Article paru dans le Chauffage Bois Aujourd’hui n°2 de novembre 2019

Poêle à accumulation, photo Hiemstra

Sortie de toit, photo F. Douard

Le bois-énergie est la première source d’énergie renouvelable et l’enjeu est que son développement, utile à la lutte contre le changement climatique, ait le moins possible d’impact négatif sur la qualité de l’air. La combustion du bois, dans certaines conditions parfois courantes, notamment dans le cas des appareils à chargement manuel, peut en effet être à l’origine d’émissions de polluants : particules fines dangereuses pour la santé mais aussi autres composés toxiques tels que le monoxyde de carbone, les composés organiques volatils et les oxydes d’azote. Il est donc important pour l’avenir de la filière de limiter et réduire l’impact du parc domestique sur la qualité de l’air, notamment sur les niveaux de concentration en particules dans l’atmosphère. L’Ineris, Institut national de l’environnement industriel et des risques, a réalisé une synthèse des enseignements tirés des principales études qu’il a menées sur la caractérisation des émissions depuis une dizaine d’années et dont les présents propos sont tirés.

La formation des particules fines

Les particules issues, plus ou moins directement, des processus de combustion domestique de bois peuvent être divisées en deux catégories :

  • les particules primaires : elles se présentent sous forme solide ou sous une forme dite condensable, c’est-à-dire qui peut se transformer en particules suite à la condensation après l’émission directe par l’appareil ;
  • les particules secondaires : elles se forment dans l’atmosphère après émission par des phénomènes d’oxydation par la lumière, principalement à partir des composés organiques les plus réactifs.

Réduire la contribution de la filière combustion domestique de biomasse aux concentrations de particules dans l’air ambiant n’implique donc pas uniquement de réduire les émissions de particules solides, mais aussi et surtout celles de la fraction condensable ; et des COV incluant le benzène.

L’allumage par la haut réduit les émissions de particules au démarrage, photo Hiemstra

Amélioration des conditions de combustion dans les appareils à chargement manuel

Sur un cycle complet de combustion, en alimentation manuelle, environ 80 % des émissions polluantes a lieu durant les 10 à 15 minutes après l’allumage à froid de la première charge bois ou à chaud lors des charges suivantes. Réduire ce pic de pollution pourrait donc conduire à une réduction drastique des émissions polluantes.

L’amélioration des conditions de combustion intervient sur les émissions de la fraction solide mais surtout sur les émissions de la fraction organique condensable et des COV. Ceci explique la quasi-inexistence de ceux-ci sur des installations de plus fortes puissances où les temps de séjour des gaz et particules sont plus conséquents et les niveaux de température plus élevés.
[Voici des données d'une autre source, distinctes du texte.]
(* Consider $n$ agents in the plane with dynamics $\dot x_i(t)=v_i(t)$, $\dot v_i(t)=u_i(t)$, $x_i,v_i,u_i\in\mathbb{R}^2$, $i\in\mathcal V=\{1,\dots,n\}$, and a target with dynamics $\dot x_d=v_d$, $\dot v_d=s_1x_d$, $x_d,v_d\in\mathbb{R}^2$, where $s_1\le 0$ is a constant known to all agents. Let each agent use the controller $$u_i=-k_1x_i-k_2v_i-k_3\epsilon_i-k_4\zeta_i+k_5\eta_i,\qquad \dot\epsilon_i=\zeta_i,\qquad \dot\zeta_i=s_1\epsilon_i+e_i-k_5\eta_i,$$ with internal states $\epsilon_i,\zeta_i\in\mathbb{R}^2$, positive gains $k_1,\dots,k_5$, $e_i=x_i-x_d$ and $\eta_i=\sum_{k\in\mathcal N_i}\alpha(\|x_{i,k}\|)\frac{x_{i,k}}{\|x_{i,k}\|}$ (notation in the context). Then the agents fence the target, i.e. $\lim_{t\to\infty}P_{x_d(t)}(x(t))=0$, if and only if the gains $k_1,k_2,k_3,k_4>0$ satisfy $$k_4-s_1k_2-\frac{k_2^2(k_3-s_1k_1)}{k_1k_2-k_4}>0,\qquad \frac{k_1k_2-k_4}{k_2}>0.$$
   Context: Fix constants $0<r<R$. Write $x_{i,k}=x_i-x_k$. The (time-varying) neighbor set of agent $i$ is $\mathcal N_i(t)=\{k\in\mathcal V,\ k\ne i:\ \|x_{i,k}(t)\|\le R\}$. The function $\alpha$ is continuous on $(r,\infty)$, with $\alpha(s)=0$ for all $s\ge R$ and $\lim_{s\to r^+}\alpha(s)=\infty$ (the paper notes it is monotonically decreasing on $(r,R]$; an example is $\alpha(s)=\frac1{s-r}-\frac1{R-r}$ for $r<s\le R$, $\alpha(s)=0$ for $s>R$). With $x=(x_1,\dots,x_n)$, the convex hull is $\mathrm{co}(x)=\{\sum_i\lambda_ix_i:\lambda_i\ge0,\sum_i\lambda_i=1\}$ and $P_{x_d}(x)=\min_{s\in\mathrm{co}(x)}\|x_d-s\|$ is the distance from the target to this hull. *)

theory Defs
  imports "HOL-Analysis.Analysis"
begin

type_synonym vec2 = "real ^ 2"

definition neighbors :: "real \<Rightarrow> nat \<Rightarrow> (nat \<Rightarrow> vec2) \<Rightarrow> nat \<Rightarrow> nat set" where
  "neighbors R n X i = {k. k < n \<and> k \<noteq> i \<and> norm (X i - X k) \<le> R}"

definition eta :: "(real \<Rightarrow> real) \<Rightarrow> real \<Rightarrow> nat \<Rightarrow> (nat \<Rightarrow> vec2) \<Rightarrow> nat \<Rightarrow> vec2" where
  "eta \<alpha> R n X i =
     (\<Sum>k\<in>neighbors R n X i. \<alpha> (norm (X i - X k)) *\<^sub>R ((1 / norm (X i - X k)) *\<^sub>R (X i - X k)))"

definition hull_dist :: "nat \<Rightarrow> (nat \<Rightarrow> vec2) \<Rightarrow> vec2 \<Rightarrow> real" where
  "hull_dist n X xd = infdist xd (convex hull ((\<lambda>i. X i) ` {..<n}))"
(* Let $\mathcal D=(S,Act,L,\varphi,\ell)$ be an MDP, let $\alpha_1,\alpha_2,\dots$ be general strategies for $\mathcal D$, and let $S_0\subseteq S$ satisfy $\liminf_{i\to\infty}\max\{d_{\mathcal D(\alpha_i)}(s,t):s,t\in S_0\}=0$. Then there exists a general strategy $\alpha$ for $\mathcal D$ such that all states of $S_0$ are pairwise probabilistically bisimilar in the LMC $\mathcal D(\alpha)$.
   Context: An MDP is $\mathcal D=(S,Act,L,\varphi,\ell)$ with finite $S,Act,L$, a partial function $\varphi:S\times Act\rightharpoonup\mathrm{Distr}(S)$ and labelling $\ell:S\to L$. A path is $s_0{\sf m}_1s_1\cdots{\sf m}_ns_n$ with $\varphi(s_i,{\sf m}_{i+1})$ defined and positive on $s_{i+1}$. A general strategy maps each path to a distribution over the actions available at its last state; it induces the LMC $\mathcal D(\alpha)$ whose states are paths, with $\tau(\rho)(\rho{\sf m}t)=\alpha(\rho)({\sf m})\varphi({\sf last}(\rho),{\sf m})(t)$ and label of $\rho$ the label of its last state; a state $s\in S$ is identified with the one-state path $s$. In an LMC $(S',L,\tau,\ell')$, probabilistic bisimilarity is the largest equivalence $R$ such that $(s,t)\in R$ implies $\ell'(s)=\ell'(t)$ and $\tau(s)(E)=\tau(t)(E)$ for each $R$-class $E$; the probabilistic bisimilarity distance $d$ is the least fixed point of $\Delta(e)(s,t)=1$ if labels differ and $\min_\omega\sum_{u,v}\omega(u,v)e(u,v)$ otherwise, over couplings $\omega$ of $\tau(s),\tau(t)$. *)

theory Defs
  imports "HOL-Probability.Probability"
begin

text \<open>An MDP (S, Act, L, phi, lab): phi s m = None means phi is undefined at (s,m).\<close>

definition is_mdp ::
  "'s set \<Rightarrow> 'a set \<Rightarrow> 'l set \<Rightarrow> ('s \<Rightarrow> 'a \<Rightarrow> 's pmf option) \<Rightarrow> ('s \<Rightarrow> 'l) \<Rightarrow> bool" where
  "is_mdp S Act L phi lab \<longleftrightarrow>
     finite S \<and> finite Act \<and> finite L \<and> (\<forall>s\<in>S. lab s \<in> L) \<and>
     (\<forall>s m \<mu>. phi s m = Some \<mu> \<longrightarrow> s \<in> S \<and> m \<in> Act \<and> set_pmf \<mu> \<subseteq> S)"

text \<open>A path s0 m1 s1 ... mn sn is represented as (s0, [(m1,s1),...,(mn,sn)]).\<close>

type_synonym ('s,'a) path = "'s \<times> ('a \<times> 's) list"

definition path_last :: "('s,'a) path \<Rightarrow> 's" where
  "path_last \<rho> = (if snd \<rho> = [] then fst \<rho> else snd (last (snd \<rho>)))"

definition path_ext :: "('s,'a) path \<Rightarrow> 'a \<Rightarrow> 's \<Rightarrow> ('s,'a) path" where
  "path_ext \<rho> m t = (fst \<rho>, snd \<rho> @ [(m, t)])"

fun valid_steps :: "('s \<Rightarrow> 'a \<Rightarrow> 's pmf option) \<Rightarrow> 's \<Rightarrow> ('a \<times> 's) list \<Rightarrow> bool" where
  "valid_steps phi s [] = True"
| "valid_steps phi s ((m, t) # xs) =
     ((\<exists>\<mu>. phi s m = Some \<mu> \<and> pmf \<mu> t > 0) \<and> valid_steps phi t xs)"

definition is_path :: "'s set \<Rightarrow> ('s \<Rightarrow> 'a \<Rightarrow> 's pmf option) \<Rightarrow> ('s,'a) path \<Rightarrow> bool" where
  "is_path S phi \<rho> \<longleftrightarrow> fst \<rho> \<in> S \<and> valid_steps phi (fst \<rho>) (snd \<rho>)"

text \<open>A general strategy maps each path to a distribution over the actions available
  at its last state (its values on non-paths are irrelevant).\<close>

definition is_strategy ::
  "'s set \<Rightarrow> 'a set \<Rightarrow> ('s \<Rightarrow> 'a \<Rightarrow> 's pmf option) \<Rightarrow> (('s,'a) path \<Rightarrow> 'a pmf) \<Rightarrow> bool" where
  "is_strategy S Act phi \<alpha> \<longleftrightarrow>
     (\<forall>\<rho>. is_path S phi \<rho> \<longrightarrow>
        set_pmf (\<alpha> \<rho>) \<subseteq> {m \<in> Act. phi (path_last \<rho>) m \<noteq> None})"

text \<open>Transition function of the induced LMC D(alpha):
  tau(rho)(rho m t) = alpha(rho)(m) * phi(last rho, m)(t).
  (The branch for undefined phi has probability 0 from every path when alpha is a strategy.)\<close>

definition induced_trans ::
  "('s \<Rightarrow> 'a \<Rightarrow> 's pmf option) \<Rightarrow> (('s,'a) path \<Rightarrow> 'a pmf) \<Rightarrow> ('s,'a) path \<Rightarrow> ('s,'a) path pmf" where
  "induced_trans phi \<alpha> \<rho> =
     bind_pmf (\<alpha> \<rho>) (\<lambda>m. case phi (path_last \<rho>) m of
                            None \<Rightarrow> return_pmf \<rho>
                          | Some \<mu> \<Rightarrow> map_pmf (path_ext \<rho> m) \<mu>)"

definition induced_label :: "('s \<Rightarrow> 'l) \<Rightarrow> ('s,'a) path \<Rightarrow> 'l" where
  "induced_label lab \<rho> = lab (path_last \<rho>)"
(* Let $d\ge2$, $n\ge d+1$, $p\ge2$ a prime, $\Lambda\in X_{n,d}$, $M=M^p_n(\Lambda)$ with group $H_0\cong\mathbb{Z}_p^n$. If $K<H_0$ is a subgroup isomorphic to $\mathbb{Z}_p^{n-r}$ (for some integer $r\ge0$) acting freely on $M$ (i.e. no non-trivial element of $K$ has a fixed point on $M$), then $n+1\le (p^r-1)/(p-1)$. In particular no such $K$ exists with $r=1$, and for $p=2$ none exists with $r=2$.
   Context: For $q=[\rho_1:\cdots:\rho_{d+1}]\in\mathbb{P}^d$ let $L_q=\{\rho_1t_1+\cdots+\rho_{d+1}t_{d+1}=0\}$. Hyperplanes are in general position if any $\min\{N,d+1\}$ of their $N$ coefficient vectors are linearly independent. Let $e_1,\dots,e_{d+1}$ be the coordinate points of $\mathbb{P}^d$ and $e_{d+2}=[1:\cdots:1]$. For $\Lambda=(\lambda_{i,j})_{1\le i\le n-d-1,\,1\le j\le d}\in\mathbb{C}^{d(n-d-1)}$ put $L_j(\Lambda)=L_{e_j}$ ($1\le j\le d+2$) and $L_j(\Lambda)=L_{[\lambda_{j-d-2,1}:\cdots:\lambda_{j-d-2,d}:1]}$ ($d+3\le j\le n+1$); $X_{n,d}$ is the set of $\Lambda$ for which $L_1(\Lambda),\dots,L_{n+1}(\Lambda)$ are in general position. For $\Lambda\in X_{n,d}$, setting $\lambda_{0,j}=1$, $M^k_n(\Lambda)\subset\mathbb{P}^n$ is the common zero set of $\lambda_{i,1}x_1^k+\cdots+\lambda_{i,d}x_d^k+x_{d+1}^k+x_{d+2+i}^k$, $i=0,\dots,n-d-1$. $H_0=\langle\varphi_1,\dots,\varphi_{n+1}\rangle$, where $\varphi_j$ multiplies the $j$-th homogeneous coordinate by $e^{2\pi\sqrt{-1}/k}$. *)

theory Defs
  imports Complex_Main "HOL-Algebra.Algebra"
begin
(* Let $f^{cl}_{\pi_\star}$ be $\eta$-locally $\delta$-ISS for some $\eta>0$, with gain $\gamma$ satisfying $\gamma(x)\le O(x^{1/r})$ as $x\to0^+$ for some $r\ge1$. Fix a test policy $\pi$ and initial condition $\xi\in\mathcal X$, and let $p\in\mathbb N$ satisfy $p+1-r>0$. Assume $\pi$ and $\pi_\star$ are $p$-times continuously differentiable and there is $L_{\partial^p\pi}\ge0$ with \[\Big\|\bar\pi(x)-\sum_{j=0}^p\tfrac1{j!}\partial_x^j\bar\pi(x_0)(x-x_0)^{\otimes j}\Big\|\le\tfrac{L_{\partial^p\pi}}{(p+1)!}\|x-x_0\|^{p+1}\] for all $x,x_0$ and $\bar\pi\in\{\pi,\pi_\star\}$. Choose $\mu,\alpha>0$ with $\alpha\le1/2$ such that \[2\tfrac{L_{\partial^p\pi}}{(p+1)!}x^{p+1}+(x/\mu)^r\le\gamma^{-1}(x)\quad\text{for all }0\le x\le\alpha.\] If \[\max_{0\le t\le T-1}\max_{0\le j\le p}\mu\Big(\tfrac{2}{j!}\|\partial_x^j\Delta_t^{\pi_\star}(\xi;\pi)\|\Big)^{1/r}\le\alpha,\] \[\max_{0\le t\le T-1}\max_{0\le j\le p}\Big[\tfrac{2L_{\partial^p\pi}\mu^{p+1}}{(p+1)!}\Big(\tfrac{2}{j!}\|\partial_x^j\Delta_t^{\pi_\star}(\xi;\pi)\|\Big)^{\frac{p+1}{r}}+\tfrac{2}{j!}\|\partial_x^j\Delta_t^{\pi_\star}(\xi;\pi)\|\Big]\le\eta,\] then for all $1\le t\le T$, \[\|x_t^{\pi_\star}(\xi)-x_t^\pi(\xi)\|\le\max_{0\le k\le t-1}\max_{0\le j\le p}\mu\Big(\tfrac{2}{j!}\|\partial_x^j\Delta_k^{\pi_\star}(\xi;\pi)\|\Big)^{1/r}.\]
   Context: Dynamics $x_{t+1}=f(x_t,u_t)$, $x_0=\xi$, $x_t\in\mathbb R^d,u_t\in\mathbb R^m$. For a policy $\pi$, perturbed closed loop $x_{t+1}=f^{cl}_\pi(x_t,\Delta_t):=f(x_t,\pi(x_t)+\Delta_t)$, states $x_t^\pi(\xi,\{\Delta_s\})$, $x_t^\pi(\xi):=x_t^\pi(\xi,\{0\})$. Initial conditions lie in a compact set $\mathcal X$. Norms: Euclidean on vectors, operator norm on matrices/tensors; $\otimes$ is the tensor power. Class $\mathcal K$/$\mathcal{KL}$ functions as standard. $f^{cl}_\pi$ is $\eta$-locally $\delta$-ISS if there are class $\mathcal{KL}$ $\beta$ and class $\mathcal K$ $\gamma$ with $\|x_t^\pi(\xi_1;\{\Delta_s\}_{s=0}^{t-1})-x_t^\pi(\xi_2;\{0\})\|\le\beta(\|\xi_1-\xi_2\|,t)+\gamma(\max_{0\le k\le t-1}\|\Delta_k\|)$ for all $\xi_1,\xi_2\in\mathcal X$, $t\in\mathbb N$, and perturbations with $\sup_t\|\Delta_t\|\le\eta$. $\gamma^{-1}$ is the inverse of $\gamma$ on its range (with $\gamma^{-1}(x)=+\infty$ for $x\ge\sup\gamma$). $\pi_\star$ is the expert policy, and $\partial_x^j\Delta_t^{\pi_\star}(\xi;\pi):=\partial_x^j\pi(x_t^{\pi_\star}(\xi))-\partial_x^j\pi_\star(x_t^{\pi_\star}(\xi))$ (the $j$-th derivative of the policies with respect to their argument, evaluated on the expert trajectory). *)

theory Defs
  imports "HOL-Analysis.Analysis" "HOL-Library.Landau_Symbols"
begin
definition nerve_chain :: "nat \<Rightarrow> ('o list \<Rightarrow>\<^sub>0 int) \<Rightarrow> 'o \<times> 'm list \<Rightarrow> int" where
  "nerve_chain m Z s = (if s \<in> nerve C m then poly_mapping.lookup Z (simplex_vertices C s) else 0)"

lemma support_nerve_chain:
  "{s. nerve_chain m Z s \<noteq> 0} = simplex_vertices C -` Poly_Mapping.keys Z \<inter> nerve C m"
  by (auto simp: nerve_chain_def in_keys_iff)

lemma nerve_chain_in_chains: "nerve_chain m Z \<in> chains C m"
  using finite_vimage_IntI[OF finite_keys inj_on_simplex_vertices, of Z m]
  by (simp add: chains_def support_nerve_chain)

lemma bij_betw_support_nerve_chain:
  assumes "Poly_Mapping.keys Z \<subseteq> sorted_simplices has_arr (Obj C) m"
  shows "bij_betw (simplex_vertices C) {s. nerve_chain m Z s \<noteq> 0} (Poly_Mapping.keys Z)"
  unfolding support_nerve_chain bij_betw_def
proof
  show "inj_on (simplex_vertices C) (simplex_vertices C -` Poly_Mapping.keys Z \<inter> nerve C m)"
    using inj_on_simplex_vertices by (rule inj_on_subset) blast
  show "simplex_vertices C ` (simplex_vertices C -` Poly_Mapping.keys Z \<inter> nerve C m) = Poly_Mapping.keys Z"
  proof (intro equalityI subsetI)
    fix L
    assume "L \<in> Poly_Mapping.keys Z"
    with assms obtain s where "s \<in> nerve C m" "simplex_vertices C s = L"
      using sorted_simplexE by blast
    with \<open>L \<in> Poly_Mapping.keys Z\<close> show "L \<in> simplex_vertices C ` (simplex_vertices C -` Poly_Mapping.keys Z \<inter> nerve C m)"
      by blast
  qed auto
qed

lemma chains_nerve_chainE:
  assumes "x \<in> chains C m"
  obtains Z where "Poly_Mapping.keys Z \<subseteq> sorted_simplices has_arr (Obj C) m"
    and "nerve_chain m Z = x"
proof
  let ?S = "{s. x s \<noteq> 0}"
  define Z where "Z = (\<Sum>s\<in>?S. frag_cmul (x s) (frag_of (simplex_vertices C s)))"
  have S: "finite ?S" "?S \<subseteq> nerve C m"
    using assms by (auto simp: chains_def)
  have "Poly_Mapping.keys Z
      \<subseteq> (\<Union>s\<in>?S. Poly_Mapping.keys (frag_cmul (x s) (frag_of (simplex_vertices C s))))"
    unfolding Z_def by (rule keys_sum)
  also have "\<dots> \<subseteq> simplex_vertices C ` nerve C m"
    using S(2) keys_cmul by (fastforce simp: keys_frag_of)
  finally show "Poly_Mapping.keys Z \<subseteq> sorted_simplices has_arr (Obj C) m"
    using simplex_vertices_in_sorted_simplices by blast
  show "nerve_chain m Z = x"
  proof
    fix t
    show "nerve_chain m Z t = x t"
    proof (cases "t \<in> nerve C m")
      case True
      have "nerve_chain m Z t = (\<Sum>s\<in>?S. if s = t then x s else 0)"
        using True S(2) inj_on_simplex_vertices[of m]
        by (auto simp: nerve_chain_def Z_def lookup_sum inj_on_eq_iff intro!: sum.cong)
      then show ?thesis
        using S(1) by simp
    next
      case False
      then show ?thesis
        using S(2) by (auto simp: nerve_chain_def)
    qed
  qed
qed
(* Let $\mathcal{A}$ be a finite set of non-commuting variables with at least two elements, let $a\in\mathcal{A}$, and let $P\in\mathbb{Q}\langle\mathcal{A}\rangle$ be such that for every $k\ge 0$ the coefficient of the word $a^k$ in $P$ is zero. If $\mathrm{ad}_a(P)=[a,P]=aP-Pa$ is a Lie polynomial, i.e. $[a,P]\in\mathcal{L}_\mathbb{Q}(\mathcal{A})$, then $P$ is a Lie polynomial, i.e. $P\in\mathcal{L}_\mathbb{Q}(\mathcal{A})$.
   Context: $\mathbb{Q}\langle\mathcal{A}\rangle$ is the ring of polynomials with rational coefficients in the non-commuting variables $\mathcal{A}$ (finite linear combinations of words in $\mathcal{A}$, including the empty word), with commutator $[X,Y]=XY-YX$. $\mathcal{L}_\mathbb{Q}(\mathcal{A})$ is the smallest $\mathbb{Q}$-subspace of $\mathbb{Q}\langle\mathcal{A}\rangle$ containing $\mathcal{A}$ and closed under commutators; its elements are called Lie polynomials. *)

theory Defs
  imports Main "HOL.Rat"
begin

text \<open>Non-commutative polynomials over \<rat> in the variables of a type 'a are represented
  as coefficient functions on words ('a list), with finite support.\<close>

type_synonym 'a ncpoly = "'a list \<Rightarrow> rat"

definition ncpoly :: "'a ncpoly \<Rightarrow> bool" where
  "ncpoly P \<longleftrightarrow> finite {w. P w \<noteq> 0}"

definition ncvar :: "'a \<Rightarrow> 'a ncpoly" where
  "ncvar x = (\<lambda>w. if w = [x] then 1 else 0)"

definition ncadd :: "'a ncpoly \<Rightarrow> 'a ncpoly \<Rightarrow> 'a ncpoly" where
  "ncadd P Q = (\<lambda>w. P w + Q w)"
La qualité de la combustion dépend d’un certain nombre de facteurs, photo Frédéric Douard

L’influence des paramètres de fonctionnement a permis de dégager des tendances sur les facteurs d’influence des émissions pour les appareils à alimentation manuelle :

  • L’humidité du bois : elle est généralement comprise entre 12 et 25 % voire plus ; au-delà de 25 %, une augmentation des émissions et une diminution du rendement et de la puissance délivrée sont observés ;
  • L’essence de bois : les émissions sont en général plus fortes lors de la combustion de chêne ou de résineux que de charme ou de hêtre ;
  • L’allure de fonctionnement de l’appareil : l’utilisateur est souvent amené à faire fonctionner son appareil à allure réduite (en limitant les entrées d’air comburant) car son besoin en chauffage ne correspond pas à l’utilisation de l’appareil à sa puissance prévue, si celui-ci a été dimensionné pour subvenir à des épisodes de grand froid, pour compenser un tirage trop élevé de son installation, si l’utilisateur n’est pas physiquement présent pour recharger le foyer ;
  • La charge, et la qualité de bois utilisée qui peuvent être variables (dimension, diamètre, humidité des bûches, essences de bois, quantité d’écorce, etc.) ;
  • Le tirage dans les installations à tirage naturel : il varie de façon importante d’un logement à l’autre en fonction de la hauteur du conduit et de l’écart de température entre l’intérieur et l’extérieur. Un tirage important n’est pas particulièrement défavorable mais peut provoquer une combustion plus rapide avec des temps de séjour insuffisants pour assurer une combustion achevée qui peut amener l’utilisateur à faire fonctionner son appareil à allure réduite. Le tirage varie en fonction de l’avancement de la combustion ;
  • Le vieillissement des appareils : au cours du temps, une usure des joints et des déformations du foyer peuvent avoir lieu, et engendrer des entrées d’air parasites.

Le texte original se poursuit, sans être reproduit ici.